### Records for the exercise
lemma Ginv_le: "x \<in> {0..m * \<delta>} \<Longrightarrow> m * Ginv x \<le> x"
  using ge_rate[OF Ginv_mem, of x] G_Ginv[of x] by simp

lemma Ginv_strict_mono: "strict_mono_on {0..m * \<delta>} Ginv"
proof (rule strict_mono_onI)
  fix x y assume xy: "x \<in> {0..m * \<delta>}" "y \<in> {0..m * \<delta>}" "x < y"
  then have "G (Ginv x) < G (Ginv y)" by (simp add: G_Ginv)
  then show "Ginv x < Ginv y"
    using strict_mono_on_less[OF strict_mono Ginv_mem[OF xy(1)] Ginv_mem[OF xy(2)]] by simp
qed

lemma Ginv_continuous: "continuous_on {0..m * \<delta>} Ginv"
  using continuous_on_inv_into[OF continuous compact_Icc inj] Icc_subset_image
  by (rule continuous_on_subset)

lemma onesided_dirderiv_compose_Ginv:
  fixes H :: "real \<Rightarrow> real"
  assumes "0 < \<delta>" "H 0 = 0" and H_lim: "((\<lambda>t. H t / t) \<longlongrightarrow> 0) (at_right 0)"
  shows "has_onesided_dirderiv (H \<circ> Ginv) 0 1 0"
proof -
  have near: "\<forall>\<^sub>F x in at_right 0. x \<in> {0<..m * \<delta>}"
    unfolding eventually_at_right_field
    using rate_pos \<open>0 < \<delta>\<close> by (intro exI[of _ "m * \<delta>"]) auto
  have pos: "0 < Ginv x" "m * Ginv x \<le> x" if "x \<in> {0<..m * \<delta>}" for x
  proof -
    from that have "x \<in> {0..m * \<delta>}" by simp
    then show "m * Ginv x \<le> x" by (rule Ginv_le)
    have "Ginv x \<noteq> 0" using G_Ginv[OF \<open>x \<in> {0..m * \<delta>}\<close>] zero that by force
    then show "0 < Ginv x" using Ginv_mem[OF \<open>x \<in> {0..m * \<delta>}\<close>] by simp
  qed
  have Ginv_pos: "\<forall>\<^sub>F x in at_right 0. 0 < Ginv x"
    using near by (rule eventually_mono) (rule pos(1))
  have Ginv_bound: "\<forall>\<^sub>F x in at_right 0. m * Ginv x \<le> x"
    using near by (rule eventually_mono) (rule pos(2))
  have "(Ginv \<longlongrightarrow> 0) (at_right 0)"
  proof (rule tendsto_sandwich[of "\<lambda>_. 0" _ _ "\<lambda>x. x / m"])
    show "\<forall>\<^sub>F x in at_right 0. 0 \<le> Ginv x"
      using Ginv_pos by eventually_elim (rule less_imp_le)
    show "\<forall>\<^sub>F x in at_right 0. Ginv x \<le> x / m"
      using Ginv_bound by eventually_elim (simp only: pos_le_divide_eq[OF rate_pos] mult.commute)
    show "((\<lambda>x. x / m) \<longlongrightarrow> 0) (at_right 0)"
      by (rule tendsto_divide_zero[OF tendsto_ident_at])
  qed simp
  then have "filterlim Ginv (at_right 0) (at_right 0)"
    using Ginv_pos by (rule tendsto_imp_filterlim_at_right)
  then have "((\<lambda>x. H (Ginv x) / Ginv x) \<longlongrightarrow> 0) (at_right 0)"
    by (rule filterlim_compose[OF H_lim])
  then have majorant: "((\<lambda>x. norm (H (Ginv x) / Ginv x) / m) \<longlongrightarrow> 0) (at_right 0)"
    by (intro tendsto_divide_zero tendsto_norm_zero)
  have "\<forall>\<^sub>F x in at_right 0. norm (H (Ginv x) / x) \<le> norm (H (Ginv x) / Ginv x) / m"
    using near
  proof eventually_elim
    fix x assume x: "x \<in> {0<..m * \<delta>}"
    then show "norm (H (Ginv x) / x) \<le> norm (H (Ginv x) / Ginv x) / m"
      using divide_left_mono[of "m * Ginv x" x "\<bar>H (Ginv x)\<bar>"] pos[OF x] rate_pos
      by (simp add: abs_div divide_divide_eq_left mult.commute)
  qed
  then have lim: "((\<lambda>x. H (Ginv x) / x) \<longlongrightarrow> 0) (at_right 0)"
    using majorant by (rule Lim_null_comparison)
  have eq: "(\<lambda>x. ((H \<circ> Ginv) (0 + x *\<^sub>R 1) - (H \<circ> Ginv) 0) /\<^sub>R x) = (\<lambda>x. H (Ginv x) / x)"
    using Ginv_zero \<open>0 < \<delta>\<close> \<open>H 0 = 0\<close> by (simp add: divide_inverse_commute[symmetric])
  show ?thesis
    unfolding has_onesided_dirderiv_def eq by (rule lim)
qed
* * *
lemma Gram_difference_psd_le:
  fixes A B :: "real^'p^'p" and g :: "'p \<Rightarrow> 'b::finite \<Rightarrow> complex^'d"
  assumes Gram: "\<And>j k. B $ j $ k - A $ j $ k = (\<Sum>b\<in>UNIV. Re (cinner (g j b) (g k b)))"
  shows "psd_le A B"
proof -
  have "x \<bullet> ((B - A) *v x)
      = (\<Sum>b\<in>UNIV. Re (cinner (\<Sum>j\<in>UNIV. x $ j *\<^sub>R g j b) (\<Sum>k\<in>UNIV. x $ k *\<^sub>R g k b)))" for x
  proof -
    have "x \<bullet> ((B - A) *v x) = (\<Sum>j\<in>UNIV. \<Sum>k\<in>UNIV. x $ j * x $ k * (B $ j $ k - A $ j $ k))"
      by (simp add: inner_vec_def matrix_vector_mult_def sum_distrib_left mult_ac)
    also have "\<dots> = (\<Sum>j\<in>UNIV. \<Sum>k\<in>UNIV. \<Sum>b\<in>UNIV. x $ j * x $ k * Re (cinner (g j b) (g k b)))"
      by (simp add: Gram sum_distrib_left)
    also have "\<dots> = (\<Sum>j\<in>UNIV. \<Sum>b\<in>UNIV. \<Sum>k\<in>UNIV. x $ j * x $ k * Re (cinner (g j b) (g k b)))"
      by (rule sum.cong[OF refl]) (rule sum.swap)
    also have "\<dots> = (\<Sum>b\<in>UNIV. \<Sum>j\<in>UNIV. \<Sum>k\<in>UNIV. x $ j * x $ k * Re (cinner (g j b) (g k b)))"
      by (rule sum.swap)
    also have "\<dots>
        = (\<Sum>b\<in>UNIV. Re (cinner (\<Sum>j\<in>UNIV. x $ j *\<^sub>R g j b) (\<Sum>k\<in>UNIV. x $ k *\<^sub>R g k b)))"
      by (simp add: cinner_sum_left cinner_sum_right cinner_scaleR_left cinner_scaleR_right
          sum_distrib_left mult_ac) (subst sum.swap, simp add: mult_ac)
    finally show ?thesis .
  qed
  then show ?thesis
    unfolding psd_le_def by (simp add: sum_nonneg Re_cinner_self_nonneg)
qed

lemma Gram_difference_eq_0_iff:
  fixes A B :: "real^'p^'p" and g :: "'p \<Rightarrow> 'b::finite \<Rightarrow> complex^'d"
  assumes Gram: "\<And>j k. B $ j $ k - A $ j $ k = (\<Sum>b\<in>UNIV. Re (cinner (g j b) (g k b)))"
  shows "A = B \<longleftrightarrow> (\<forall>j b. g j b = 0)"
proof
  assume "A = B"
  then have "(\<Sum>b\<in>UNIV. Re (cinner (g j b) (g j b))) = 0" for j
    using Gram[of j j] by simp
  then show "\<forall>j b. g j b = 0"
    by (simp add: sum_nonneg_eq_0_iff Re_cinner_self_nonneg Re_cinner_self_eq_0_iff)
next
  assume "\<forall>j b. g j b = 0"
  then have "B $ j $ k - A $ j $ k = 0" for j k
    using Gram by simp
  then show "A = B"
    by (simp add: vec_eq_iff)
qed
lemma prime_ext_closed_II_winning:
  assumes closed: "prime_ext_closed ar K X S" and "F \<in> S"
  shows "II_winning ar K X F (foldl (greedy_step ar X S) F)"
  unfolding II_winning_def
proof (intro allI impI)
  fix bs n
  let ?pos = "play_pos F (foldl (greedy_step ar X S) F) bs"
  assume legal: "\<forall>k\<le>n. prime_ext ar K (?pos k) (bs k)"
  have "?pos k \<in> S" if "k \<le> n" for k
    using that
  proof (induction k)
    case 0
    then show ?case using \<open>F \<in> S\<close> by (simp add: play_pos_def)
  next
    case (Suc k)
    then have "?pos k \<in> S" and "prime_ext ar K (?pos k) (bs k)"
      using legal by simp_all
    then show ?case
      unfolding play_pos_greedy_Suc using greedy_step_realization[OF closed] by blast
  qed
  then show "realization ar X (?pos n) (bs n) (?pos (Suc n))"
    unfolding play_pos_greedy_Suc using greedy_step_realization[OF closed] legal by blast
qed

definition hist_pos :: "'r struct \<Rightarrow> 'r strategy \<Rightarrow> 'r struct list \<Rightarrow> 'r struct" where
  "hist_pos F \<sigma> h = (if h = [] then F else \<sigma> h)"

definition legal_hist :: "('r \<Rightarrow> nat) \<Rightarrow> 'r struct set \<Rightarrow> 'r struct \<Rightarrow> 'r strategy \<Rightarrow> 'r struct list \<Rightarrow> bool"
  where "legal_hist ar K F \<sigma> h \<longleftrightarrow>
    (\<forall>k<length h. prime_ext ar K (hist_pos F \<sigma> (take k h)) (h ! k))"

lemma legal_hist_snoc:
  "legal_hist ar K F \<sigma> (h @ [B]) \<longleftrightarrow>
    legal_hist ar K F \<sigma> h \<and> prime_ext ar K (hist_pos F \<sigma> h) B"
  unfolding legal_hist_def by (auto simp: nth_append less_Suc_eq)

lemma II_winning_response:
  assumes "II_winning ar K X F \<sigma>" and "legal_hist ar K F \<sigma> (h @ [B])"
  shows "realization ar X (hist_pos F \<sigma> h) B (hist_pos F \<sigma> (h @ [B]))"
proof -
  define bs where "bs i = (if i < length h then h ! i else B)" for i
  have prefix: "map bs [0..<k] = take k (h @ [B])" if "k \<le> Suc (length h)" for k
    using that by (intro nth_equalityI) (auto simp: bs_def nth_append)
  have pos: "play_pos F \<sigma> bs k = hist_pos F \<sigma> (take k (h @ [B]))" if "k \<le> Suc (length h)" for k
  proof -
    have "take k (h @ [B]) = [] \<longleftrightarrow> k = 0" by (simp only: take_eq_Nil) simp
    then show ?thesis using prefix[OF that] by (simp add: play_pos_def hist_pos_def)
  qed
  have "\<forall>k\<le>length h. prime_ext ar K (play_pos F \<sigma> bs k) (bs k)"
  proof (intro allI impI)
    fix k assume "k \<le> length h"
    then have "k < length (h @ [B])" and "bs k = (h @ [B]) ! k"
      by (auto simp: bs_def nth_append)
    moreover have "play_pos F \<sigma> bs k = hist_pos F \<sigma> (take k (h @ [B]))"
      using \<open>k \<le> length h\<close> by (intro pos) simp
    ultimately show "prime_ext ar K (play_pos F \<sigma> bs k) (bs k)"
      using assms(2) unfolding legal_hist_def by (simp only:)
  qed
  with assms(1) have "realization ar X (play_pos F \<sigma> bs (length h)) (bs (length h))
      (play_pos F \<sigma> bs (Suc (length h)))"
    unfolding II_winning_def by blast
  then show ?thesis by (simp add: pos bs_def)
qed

### Work order
Search the material above for "allI". Pull out each line where it shows up.

### Answer for this exercise
proof (intro allI impI)
  proof (intro allI impI)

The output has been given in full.